# The Turks and Caicos Need You!



## Blackadder1916 (13 Sep 2020)

https://www.facebook.com/notes/turks-and-caicos-islands-governors-office/applications-for-the-turks-and-caicos-islands-regiment/3900178160053842/


> APPLICATIONS FOR THE TURKS AND CAICOS ISLANDS REGIMENT
> 
> Applications are being sought for the permanent appointment of five (5) full time posts within the Turks and Caicos Islands Regiment. These include:
> 
> ...



Unfortunately, most ex-CAF probably don't meet the requirement.



> The successful candidates will have:
> · TCI Islander status (preferred). Applications from British Overseas Territories Citizen’s or British national’s accepted.


----------



## SupersonicMax (13 Sep 2020)

$49,000 as a Major to set up this unit in a high cost of living area?  Good luck finding solid candidates!!


----------



## Remius (13 Sep 2020)

I met a few ex British army types serving in the Bermuda Regt.  Basically retired, with a pension on Class B type work living the island dream. I imagine 49,000 + pension income might appeal to some looking to live in the sun. 

Oh, go read the Facebook comments.  Interesting.


----------



## daftandbarmy (14 Sep 2020)

From the local newspaper... 20 years ago? I'd be on that like a PARA on a Craphat  

TCI Regiment gets its first commanding officer

Weekly News reporter•June 12, 2020

LIEUTENANT Colonel Ennis Grant has been appointed as the first commanding officer of the TCI Regiment.
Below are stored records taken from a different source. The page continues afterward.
lemma corr_perturbation_le_of_small_noise:
  fixes T n d :: nat and Z E U :: "nat \<Rightarrow> nat \<Rightarrow> real" and \<nu> lam :: "nat \<Rightarrow> real" and K :: real
  defines "\<gamma> \<equiv> Min ((\<lambda>i. sig2 T Z i / \<nu> i) ` {..<n})"
    and "x \<equiv> \<lambda>i. center T (Z i)"
  assumes gram: "unit_gram T n d x U lam"
    and \<nu>_pos: "\<And>i. i < n \<Longrightarrow> \<nu> i > 0"
    and T: "1 \<le> T" and lnnT: "ln (real n) \<le> 2 * ln (real T)"
    and \<gamma>_large: "ln (real T) / \<gamma> \<le> 1 / 20000"
    and K: "0 \<le> K" "K \<le> 90 * ln (real n)"
    and noise_norm: "\<And>i. i < n \<Longrightarrow> (\<Sum>t<T. (E i t)\<^sup>2) \<le> K * real T * \<nu> i"
    and noise_along_v: "\<And>i j. i < n \<Longrightarrow> j < n \<Longrightarrow>
      (\<Sum>t<T. unitize T (x j) t * E i t)\<^sup>2 \<le> K * \<nu> i"
    and noise_along_w: "\<And>i a. i < n \<Longrightarrow> a < d \<Longrightarrow>
      (\<Sum>t<T. sing_vec T n x U lam a t * E i t)\<^sup>2 \<le> K * \<nu> i"
  shows "norm_2inf n d
      (mat_mul n (\<lambda>i j. corr T (\<lambda>i t. Z i t + E i t) i j - corr T Z i j) (\<lambda>i a. U i a / sqrt (lam a)))
    \<le> 3640 * sqrt (real d * ln (real T) / (\<gamma> * lam (d - 1)))
        * (1 + (sqrt (ln (real n) / \<gamma>) + sqrt (1 / real T)) * norm_2inf n n (corr T Z))"
proof -
  interpret gram_perturbation T n d x U lam "\<lambda>i. center T (E i)" "sqrt (K / (\<gamma> * real T))" "K / \<gamma>"
    using gram_perturbation_of_small_noise[OF gram[unfolded x_def] \<nu>_pos T lnnT \<gamma>_large[unfolded \<gamma>_def] K
        noise_norm noise_along_v[unfolded x_def] noise_along_w[unfolded x_def]]
    unfolding \<gamma>_def x_def .
  have T0: "0 < T" using T by simp
  have \<gamma>_pos: "0 < \<gamma>"
    unfolding \<gamma>_def using n_pos sig2_pos_of_unit_gram[OF gram[unfolded x_def]] \<nu>_pos
    by (subst Min_gr_iff) auto
  have corr_row: "corr T Z i = (\<lambda>l. dot T (v i) (v l))" for i
    unfolding x_def using corr_eq_dot_unitize[OF T0] by blast
  have corr_ZE: "corr T (\<lambda>i t. Z i t + E i t) i j = dot T (vh i) (vh j)" for i j
    unfolding x_def using corr_eq_dot_unitize[OF T0, of "\<lambda>i t. Z i t + E i t"] by (simp add: center_add)
  define \<rho> where "\<rho> = norm_2inf n n (corr T Z)"
  interpret C: rate_calibration "real n" "real d" "lam (d - 1)" \<gamma> "real T" "ln (real T)" "ln (real n)" K 90 \<rho>
  proof unfold_locales
    show "real n \<le> real d * \<rho>\<^sup>2"
      unfolding \<rho>_def corr_row using dim_le_dim_mult_norm_2inf_sq by simp
  qed (use d_pos lam_min_pos \<gamma>_pos T n_pos lnnT K dim_mult_lam_min_le norm_2inf_nonneg in \<open>auto simp: \<rho>_def\<close>)
  have "L2_set (mat_mul n (\<lambda>i j. corr T (\<lambda>i t. Z i t + E i t) i j - corr T Z i j)
                 (\<lambda>i a. U i a / sqrt (lam a)) i) {..<d}
        \<le> 3640 * sqrt (real d * ln (real T) / (\<gamma> * lam (d - 1)))
           * (1 + (sqrt (ln (real n) / \<gamma>) + sqrt (1 / real T)) * \<rho>)" if i: "i < n" for i
  proof -
    have "L2_set (\<lambda>l. dot T (v i) (v l)) {..<n} \<le> \<rho>"
      using L2_set_row_le_norm_2inf[OF i, of "corr T Z" n] unfolding \<rho>_def corr_row .
    note rate = C.deterministic_bound_le_rate[OF L2_set_nonneg this, unfolded C.\<theta>_def C.\<eta>_def]
    show ?thesis
      using order_trans[OF row_bound[OF i] rate] unfolding mat_mul_def corr_ZE corr_row by simp
  qed
  moreover have "0 \<le> 3640 * sqrt (real d * ln (real T) / (\<gamma> * lam (d - 1)))
           * (1 + (sqrt (ln (real n) / \<gamma>) + sqrt (1 / real T)) * \<rho>)"
    using lam_min_pos \<gamma>_pos T n_pos C.\<rho>_nonneg by (intro mult_nonneg_nonneg add_nonneg_nonneg) auto
  ultimately show ?thesis unfolding \<rho>_def by (intro norm_2inf_le)
qed

lemma borel_measurable_corr:
  assumes "\<And>i t. i \<in> I \<Longrightarrow> t < T \<Longrightarrow> (\<lambda>\<omega>. Z \<omega> i t) \<in> borel_measurable M" "i \<in> I" "j \<in> I"
  shows "(\<lambda>\<omega>. corr T (Z \<omega>) i j) \<in> borel_measurable M"
  unfolding corr_def sig2_def using assms
  by (intro borel_measurable_divide borel_measurable_times borel_measurable_const borel_measurable_sum
      borel_measurable_power borel_measurable_sqrt[THEN measurable_compose[rotated]]) auto

lemma borel_measurable_norm_2inf:
  assumes "\<And>i j. i < n \<Longrightarrow> j < m \<Longrightarrow> (\<lambda>\<omega>. B \<omega> i j) \<in> borel_measurable M"
  shows "(\<lambda>\<omega>. norm_2inf n m (B \<omega>)) \<in> borel_measurable M"
proof -
  define h where "h i \<omega> = (if i < n then sqrt (\<Sum>j<m. (B \<omega> i j)\<^sup>2) else 0)" for i \<omega>
  have "insert 0 ((\<lambda>i. sqrt (\<Sum>j<m. (B \<omega> i j)\<^sup>2)) ` {..<n}) = (\<lambda>i. h i \<omega>) ` {..n}" for \<omega>
    unfolding h_def by (auto simp: image_iff intro: bexI[of _ n])
  then have "norm_2inf n m (B \<omega>) = Max ((\<lambda>i. h i \<omega>) ` {..n})" for \<omega>
    unfolding norm_2inf_def by simp
  moreover have "h i \<in> borel_measurable M" for i
    unfolding h_def using assms
    by (cases "i < n") (auto intro!: borel_measurable_sum borel_measurable_power
        borel_measurable_sqrt[THEN measurable_compose[rotated]])
  then have "(\<lambda>\<omega>. Max ((\<lambda>i. h i \<omega>) ` {..n})) \<in> borel_measurable M"
    by (intro borel_measurable_Max) auto
  ultimately show ?thesis by simp
qed

lemma borel_measurable_norm_corr_diff:
  assumes "\<And>i t. i < n \<Longrightarrow> t < T \<Longrightarrow> (\<lambda>\<omega>. N \<omega> i t) \<in> borel_measurable M"
  shows "(\<lambda>\<omega>. norm_2inf n d (mat_mul n (\<lambda>i j. corr T (\<lambda>i t. Z i t + N \<omega> i t) i j - corr T Z i j) B))
    \<in> borel_measurable M"
proof -
  have "(\<lambda>\<omega>. corr T (\<lambda>i t. Z i t + N \<omega> i t) i j) \<in> borel_measurable M" if "i < n" "j < n" for i j
    using assms that by (intro borel_measurable_corr[where I = "{..<n}"]) auto
  then show ?thesis
    unfolding mat_mul_def
    by (intro borel_measurable_norm_2inf borel_measurable_sum borel_measurable_times
        borel_measurable_diff borel_measurable_const) auto
qed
The veteran police officer and TC Islander has already started in the new role and is working with, and being mentored by, the UK military.

"We were fortunate to have had such a well-qualified candidate apply,” a press release from the Office of the Governor said on Thursday (June 11).

Grant currently commands the Maritime Branch of the Royal Turks and Caicos Islands Police and the Cadet Force, and has links with the US Coast Guard and UK military.

He will spend the first year of his appointment on secondment from the force.

In the coming months as the TCI Regiment forms, Grant will develop relationships with his counterparts in the Bahamas, Cayman Islands and Bermuda.

The regiment will have two primary roles.

The first is to be in direct support of the Maritime Police, in a role very similar to that being conducted by the Royal Marines during this period.

And also, to provide a contingent force capable of preparing and supporting the Islands at time of a natural or other disaster.

"Beyond those operational roles the regiment, its ethos and its character, will develop into a proud symbol of the Turks and Caicos Islands,” the release said.

"Lt Col Grant - as its first commanding officer - will set the tone of this early and important period in the regiment’s formation.”

Positions for the five further permanent staff who will join Grant in setting up the regiment will now be advertised.

Some of these posts will involve training at the Royal Military Academy Sandhurst starting in September.

The 40 reserve (part-time) posts - the non-commissioned officers and marines - of the regiment, will be recruited later in the year.

Shortlisted candidates will be assessed over several days drawing on the methodology used by the UK’s Army Officer Selection Board.

This includes physical assessment, written communication, led and leaderless command tasks, interviews and the ability to plan and conduct a detailed appreciation of a complex task.

"Candidates should expect to be under some physical and mental pressure throughout. We hope the best in TCI will apply,” the Office of the Governor said.

"We are looking for leadership potential that can be developed, so no one should be discouraged from putting their name forward for lack of experience. Training will be excellent.”

The selection process will be overseen by the new commanding officer of the TCI Regiment and UK military staff who have, themselves, been instructors at Sandhurst.


----------